#### Problem:
Find how many lines of the records hold the string "thesis" and reply with only that total.
═════ Supplied records
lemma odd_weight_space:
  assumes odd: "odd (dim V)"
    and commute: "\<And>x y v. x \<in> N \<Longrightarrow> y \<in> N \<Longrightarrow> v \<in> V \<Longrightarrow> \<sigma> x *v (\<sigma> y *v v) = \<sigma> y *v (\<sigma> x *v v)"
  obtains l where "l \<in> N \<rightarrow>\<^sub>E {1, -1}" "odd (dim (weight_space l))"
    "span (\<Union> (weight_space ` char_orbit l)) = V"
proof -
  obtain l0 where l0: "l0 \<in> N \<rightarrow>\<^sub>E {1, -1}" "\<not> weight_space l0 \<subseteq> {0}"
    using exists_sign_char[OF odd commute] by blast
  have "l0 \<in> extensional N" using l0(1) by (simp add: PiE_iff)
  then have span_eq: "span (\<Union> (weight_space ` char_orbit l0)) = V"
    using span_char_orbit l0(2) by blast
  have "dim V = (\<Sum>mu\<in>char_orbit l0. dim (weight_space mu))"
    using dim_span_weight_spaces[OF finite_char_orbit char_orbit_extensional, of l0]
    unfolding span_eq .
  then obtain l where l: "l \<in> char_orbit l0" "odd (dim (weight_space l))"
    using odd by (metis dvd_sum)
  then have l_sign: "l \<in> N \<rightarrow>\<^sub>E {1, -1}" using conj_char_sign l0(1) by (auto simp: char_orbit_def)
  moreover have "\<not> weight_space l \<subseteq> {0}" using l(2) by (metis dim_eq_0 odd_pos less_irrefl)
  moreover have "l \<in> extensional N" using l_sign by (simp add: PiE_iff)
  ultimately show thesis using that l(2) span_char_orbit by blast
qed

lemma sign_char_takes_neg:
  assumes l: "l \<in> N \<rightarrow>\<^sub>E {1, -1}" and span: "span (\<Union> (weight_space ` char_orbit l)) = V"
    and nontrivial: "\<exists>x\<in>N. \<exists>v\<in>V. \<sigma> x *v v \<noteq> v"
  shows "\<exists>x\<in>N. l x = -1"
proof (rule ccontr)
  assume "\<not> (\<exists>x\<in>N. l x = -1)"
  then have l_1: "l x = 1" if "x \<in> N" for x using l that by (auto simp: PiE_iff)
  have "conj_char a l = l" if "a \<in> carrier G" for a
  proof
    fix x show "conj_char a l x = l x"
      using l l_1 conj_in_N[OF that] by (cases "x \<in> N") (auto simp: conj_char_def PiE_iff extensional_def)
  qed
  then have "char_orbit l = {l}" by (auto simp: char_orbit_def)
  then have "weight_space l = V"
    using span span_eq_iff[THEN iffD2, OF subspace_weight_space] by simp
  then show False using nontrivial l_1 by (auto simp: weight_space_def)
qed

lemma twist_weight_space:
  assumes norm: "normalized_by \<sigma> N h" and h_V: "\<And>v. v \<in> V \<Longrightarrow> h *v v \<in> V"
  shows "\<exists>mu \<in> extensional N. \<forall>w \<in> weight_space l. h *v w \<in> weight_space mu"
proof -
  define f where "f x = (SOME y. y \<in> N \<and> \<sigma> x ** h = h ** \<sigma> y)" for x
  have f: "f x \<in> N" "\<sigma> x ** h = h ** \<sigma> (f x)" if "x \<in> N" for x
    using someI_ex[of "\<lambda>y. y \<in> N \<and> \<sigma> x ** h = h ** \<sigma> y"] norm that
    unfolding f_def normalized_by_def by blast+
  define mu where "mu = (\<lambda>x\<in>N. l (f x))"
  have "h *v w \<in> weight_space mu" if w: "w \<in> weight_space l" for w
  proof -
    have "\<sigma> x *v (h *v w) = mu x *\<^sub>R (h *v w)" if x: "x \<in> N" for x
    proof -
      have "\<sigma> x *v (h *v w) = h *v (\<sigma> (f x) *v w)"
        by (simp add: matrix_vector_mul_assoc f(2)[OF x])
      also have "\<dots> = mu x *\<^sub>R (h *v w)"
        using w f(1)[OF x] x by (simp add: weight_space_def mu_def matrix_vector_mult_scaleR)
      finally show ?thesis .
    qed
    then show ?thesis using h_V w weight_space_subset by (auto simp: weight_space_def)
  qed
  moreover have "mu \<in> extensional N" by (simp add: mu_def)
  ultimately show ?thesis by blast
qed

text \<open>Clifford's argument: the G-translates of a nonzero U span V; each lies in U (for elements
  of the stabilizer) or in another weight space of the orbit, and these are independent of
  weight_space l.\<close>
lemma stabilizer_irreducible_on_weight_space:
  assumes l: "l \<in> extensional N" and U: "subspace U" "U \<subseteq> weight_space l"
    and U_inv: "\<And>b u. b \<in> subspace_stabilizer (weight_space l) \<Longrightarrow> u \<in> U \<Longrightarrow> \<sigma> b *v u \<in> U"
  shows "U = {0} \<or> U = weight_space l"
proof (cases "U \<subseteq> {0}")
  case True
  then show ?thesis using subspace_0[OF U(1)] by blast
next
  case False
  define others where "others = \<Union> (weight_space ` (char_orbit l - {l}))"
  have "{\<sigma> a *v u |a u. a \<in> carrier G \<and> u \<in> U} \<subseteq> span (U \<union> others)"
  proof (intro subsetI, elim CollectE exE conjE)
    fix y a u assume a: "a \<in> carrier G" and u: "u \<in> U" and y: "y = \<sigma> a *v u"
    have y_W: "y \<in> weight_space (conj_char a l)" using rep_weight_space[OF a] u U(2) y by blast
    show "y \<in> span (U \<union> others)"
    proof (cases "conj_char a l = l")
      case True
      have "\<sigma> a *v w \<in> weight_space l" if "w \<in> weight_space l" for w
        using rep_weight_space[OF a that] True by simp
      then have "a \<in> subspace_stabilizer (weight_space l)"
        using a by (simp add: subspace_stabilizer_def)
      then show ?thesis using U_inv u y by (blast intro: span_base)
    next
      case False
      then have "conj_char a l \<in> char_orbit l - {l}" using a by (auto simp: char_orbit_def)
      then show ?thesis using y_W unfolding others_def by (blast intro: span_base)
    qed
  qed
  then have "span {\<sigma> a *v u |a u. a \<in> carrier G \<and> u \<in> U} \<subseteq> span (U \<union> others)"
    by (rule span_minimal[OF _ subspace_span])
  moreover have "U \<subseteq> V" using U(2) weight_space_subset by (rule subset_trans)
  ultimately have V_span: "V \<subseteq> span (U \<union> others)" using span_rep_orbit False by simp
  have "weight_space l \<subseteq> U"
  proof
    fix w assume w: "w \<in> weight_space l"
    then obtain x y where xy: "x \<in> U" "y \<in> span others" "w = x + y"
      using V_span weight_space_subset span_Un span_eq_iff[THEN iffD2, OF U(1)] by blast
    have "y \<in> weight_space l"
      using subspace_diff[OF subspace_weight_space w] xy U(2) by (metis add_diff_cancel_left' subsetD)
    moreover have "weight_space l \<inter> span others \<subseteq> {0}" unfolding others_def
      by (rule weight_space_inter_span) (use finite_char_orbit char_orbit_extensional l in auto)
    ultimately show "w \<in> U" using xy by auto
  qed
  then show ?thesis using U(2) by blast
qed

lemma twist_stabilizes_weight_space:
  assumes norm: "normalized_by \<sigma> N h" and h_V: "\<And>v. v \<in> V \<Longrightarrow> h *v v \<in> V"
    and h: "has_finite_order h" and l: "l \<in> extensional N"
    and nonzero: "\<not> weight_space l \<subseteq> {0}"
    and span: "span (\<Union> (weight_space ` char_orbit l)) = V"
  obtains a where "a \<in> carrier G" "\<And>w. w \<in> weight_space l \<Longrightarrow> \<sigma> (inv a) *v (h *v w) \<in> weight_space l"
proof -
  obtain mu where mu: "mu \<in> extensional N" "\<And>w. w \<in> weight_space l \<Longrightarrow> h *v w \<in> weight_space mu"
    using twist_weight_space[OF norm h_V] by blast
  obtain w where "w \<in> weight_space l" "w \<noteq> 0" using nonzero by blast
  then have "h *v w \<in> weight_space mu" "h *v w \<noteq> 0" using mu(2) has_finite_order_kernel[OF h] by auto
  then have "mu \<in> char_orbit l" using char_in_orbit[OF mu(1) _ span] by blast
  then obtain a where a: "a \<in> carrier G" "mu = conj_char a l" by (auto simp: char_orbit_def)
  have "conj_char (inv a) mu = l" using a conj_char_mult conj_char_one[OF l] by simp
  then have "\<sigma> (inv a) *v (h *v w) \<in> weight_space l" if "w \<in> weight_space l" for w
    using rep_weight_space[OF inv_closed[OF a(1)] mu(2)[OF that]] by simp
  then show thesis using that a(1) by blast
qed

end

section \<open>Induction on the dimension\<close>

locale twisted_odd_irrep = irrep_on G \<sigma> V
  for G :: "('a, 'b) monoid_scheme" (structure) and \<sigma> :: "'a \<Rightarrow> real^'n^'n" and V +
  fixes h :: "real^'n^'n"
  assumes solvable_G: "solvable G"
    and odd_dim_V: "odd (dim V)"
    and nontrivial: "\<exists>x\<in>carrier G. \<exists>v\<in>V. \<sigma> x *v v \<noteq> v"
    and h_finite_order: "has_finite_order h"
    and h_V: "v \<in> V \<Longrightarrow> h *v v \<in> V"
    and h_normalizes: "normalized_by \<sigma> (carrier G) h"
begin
══════════
#### Solution:
9